*** Opening of Recorded information ***

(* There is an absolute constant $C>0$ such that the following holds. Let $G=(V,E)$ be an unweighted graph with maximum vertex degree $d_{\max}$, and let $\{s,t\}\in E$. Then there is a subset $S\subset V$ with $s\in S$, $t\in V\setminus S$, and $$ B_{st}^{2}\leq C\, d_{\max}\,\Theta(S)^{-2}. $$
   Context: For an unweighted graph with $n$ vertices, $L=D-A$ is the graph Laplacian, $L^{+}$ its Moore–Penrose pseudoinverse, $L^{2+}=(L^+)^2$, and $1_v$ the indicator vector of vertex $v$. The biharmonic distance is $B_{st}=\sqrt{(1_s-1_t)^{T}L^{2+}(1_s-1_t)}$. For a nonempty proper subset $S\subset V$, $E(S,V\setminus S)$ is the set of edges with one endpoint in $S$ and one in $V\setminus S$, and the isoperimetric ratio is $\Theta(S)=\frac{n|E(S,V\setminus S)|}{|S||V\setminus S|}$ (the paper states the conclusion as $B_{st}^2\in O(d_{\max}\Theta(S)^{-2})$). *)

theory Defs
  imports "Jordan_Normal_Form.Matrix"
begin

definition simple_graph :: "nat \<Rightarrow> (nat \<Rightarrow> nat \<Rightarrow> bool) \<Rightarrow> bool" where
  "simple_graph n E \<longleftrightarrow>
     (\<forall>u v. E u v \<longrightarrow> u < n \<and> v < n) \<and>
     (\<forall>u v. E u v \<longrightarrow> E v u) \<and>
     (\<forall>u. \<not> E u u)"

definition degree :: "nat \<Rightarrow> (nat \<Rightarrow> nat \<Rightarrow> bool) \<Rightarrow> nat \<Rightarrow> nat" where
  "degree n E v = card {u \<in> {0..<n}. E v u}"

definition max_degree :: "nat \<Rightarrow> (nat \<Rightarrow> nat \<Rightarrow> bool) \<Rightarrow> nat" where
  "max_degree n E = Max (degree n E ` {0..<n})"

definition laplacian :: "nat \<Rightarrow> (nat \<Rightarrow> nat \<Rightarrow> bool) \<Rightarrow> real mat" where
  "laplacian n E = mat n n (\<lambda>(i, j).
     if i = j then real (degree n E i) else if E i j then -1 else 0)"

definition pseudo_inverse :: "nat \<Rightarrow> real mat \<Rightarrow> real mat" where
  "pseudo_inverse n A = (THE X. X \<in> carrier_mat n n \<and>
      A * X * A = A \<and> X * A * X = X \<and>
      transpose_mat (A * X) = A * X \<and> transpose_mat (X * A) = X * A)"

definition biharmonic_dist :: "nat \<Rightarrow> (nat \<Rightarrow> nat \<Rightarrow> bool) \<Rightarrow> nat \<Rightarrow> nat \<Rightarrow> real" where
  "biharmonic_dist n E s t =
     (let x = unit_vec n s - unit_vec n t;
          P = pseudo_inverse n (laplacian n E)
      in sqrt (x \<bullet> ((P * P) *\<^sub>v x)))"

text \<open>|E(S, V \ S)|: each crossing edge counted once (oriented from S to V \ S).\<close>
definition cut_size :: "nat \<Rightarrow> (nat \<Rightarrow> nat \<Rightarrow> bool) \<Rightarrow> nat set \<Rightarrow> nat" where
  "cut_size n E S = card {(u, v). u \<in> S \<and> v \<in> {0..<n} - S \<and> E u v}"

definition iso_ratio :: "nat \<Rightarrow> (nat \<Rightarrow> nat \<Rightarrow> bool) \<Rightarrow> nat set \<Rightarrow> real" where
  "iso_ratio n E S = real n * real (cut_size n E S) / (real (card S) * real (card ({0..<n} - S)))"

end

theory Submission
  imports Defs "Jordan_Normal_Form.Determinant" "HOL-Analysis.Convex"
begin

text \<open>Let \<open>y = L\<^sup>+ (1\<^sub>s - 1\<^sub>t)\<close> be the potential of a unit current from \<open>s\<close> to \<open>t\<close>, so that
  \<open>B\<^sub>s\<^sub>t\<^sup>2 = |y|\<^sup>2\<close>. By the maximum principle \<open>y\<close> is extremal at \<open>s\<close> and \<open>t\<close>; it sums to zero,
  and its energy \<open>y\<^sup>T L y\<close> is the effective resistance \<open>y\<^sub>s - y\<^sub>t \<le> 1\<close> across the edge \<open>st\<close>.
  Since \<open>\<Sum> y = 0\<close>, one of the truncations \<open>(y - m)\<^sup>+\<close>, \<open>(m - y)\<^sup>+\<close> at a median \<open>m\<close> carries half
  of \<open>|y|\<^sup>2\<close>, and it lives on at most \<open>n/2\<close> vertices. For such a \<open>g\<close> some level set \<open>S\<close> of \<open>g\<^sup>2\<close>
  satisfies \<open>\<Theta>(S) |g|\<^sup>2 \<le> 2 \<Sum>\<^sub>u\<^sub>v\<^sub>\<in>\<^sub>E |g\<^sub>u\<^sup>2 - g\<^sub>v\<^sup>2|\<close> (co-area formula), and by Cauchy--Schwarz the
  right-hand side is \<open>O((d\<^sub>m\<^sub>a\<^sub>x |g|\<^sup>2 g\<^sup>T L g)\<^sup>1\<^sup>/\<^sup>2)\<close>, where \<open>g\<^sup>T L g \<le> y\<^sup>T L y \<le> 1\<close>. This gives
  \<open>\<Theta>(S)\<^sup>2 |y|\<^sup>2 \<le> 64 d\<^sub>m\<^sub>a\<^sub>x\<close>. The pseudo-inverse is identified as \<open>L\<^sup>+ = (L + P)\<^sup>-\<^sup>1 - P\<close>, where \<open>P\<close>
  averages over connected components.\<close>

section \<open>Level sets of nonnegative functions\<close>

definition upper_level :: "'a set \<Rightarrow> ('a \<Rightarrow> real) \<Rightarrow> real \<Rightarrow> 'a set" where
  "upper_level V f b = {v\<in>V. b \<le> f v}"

*** Close of Recorded information ***

* **What is being asked**: Filter the records, keeping only lines that contain "bool", and show those lines.

* **Solution for this problem**:
definition simple_graph :: "nat \<Rightarrow> (nat \<Rightarrow> nat \<Rightarrow> bool) \<Rightarrow> bool" where
definition degree :: "nat \<Rightarrow> (nat \<Rightarrow> nat \<Rightarrow> bool) \<Rightarrow> nat \<Rightarrow> nat" where
definition max_degree :: "nat \<Rightarrow> (nat \<Rightarrow> nat \<Rightarrow> bool) \<Rightarrow> nat" where
definition laplacian :: "nat \<Rightarrow> (nat \<Rightarrow> nat \<Rightarrow> bool) \<Rightarrow> real mat" where
definition biharmonic_dist :: "nat \<Rightarrow> (nat \<Rightarrow> nat \<Rightarrow> bool) \<Rightarrow> nat \<Rightarrow> nat \<Rightarrow> real" where
definition cut_size :: "nat \<Rightarrow> (nat \<Rightarrow> nat \<Rightarrow> bool) \<Rightarrow> nat set \<Rightarrow> nat" where
definition iso_ratio :: "nat \<Rightarrow> (nat \<Rightarrow> nat \<Rightarrow> bool) \<Rightarrow> nat set \<Rightarrow> real" where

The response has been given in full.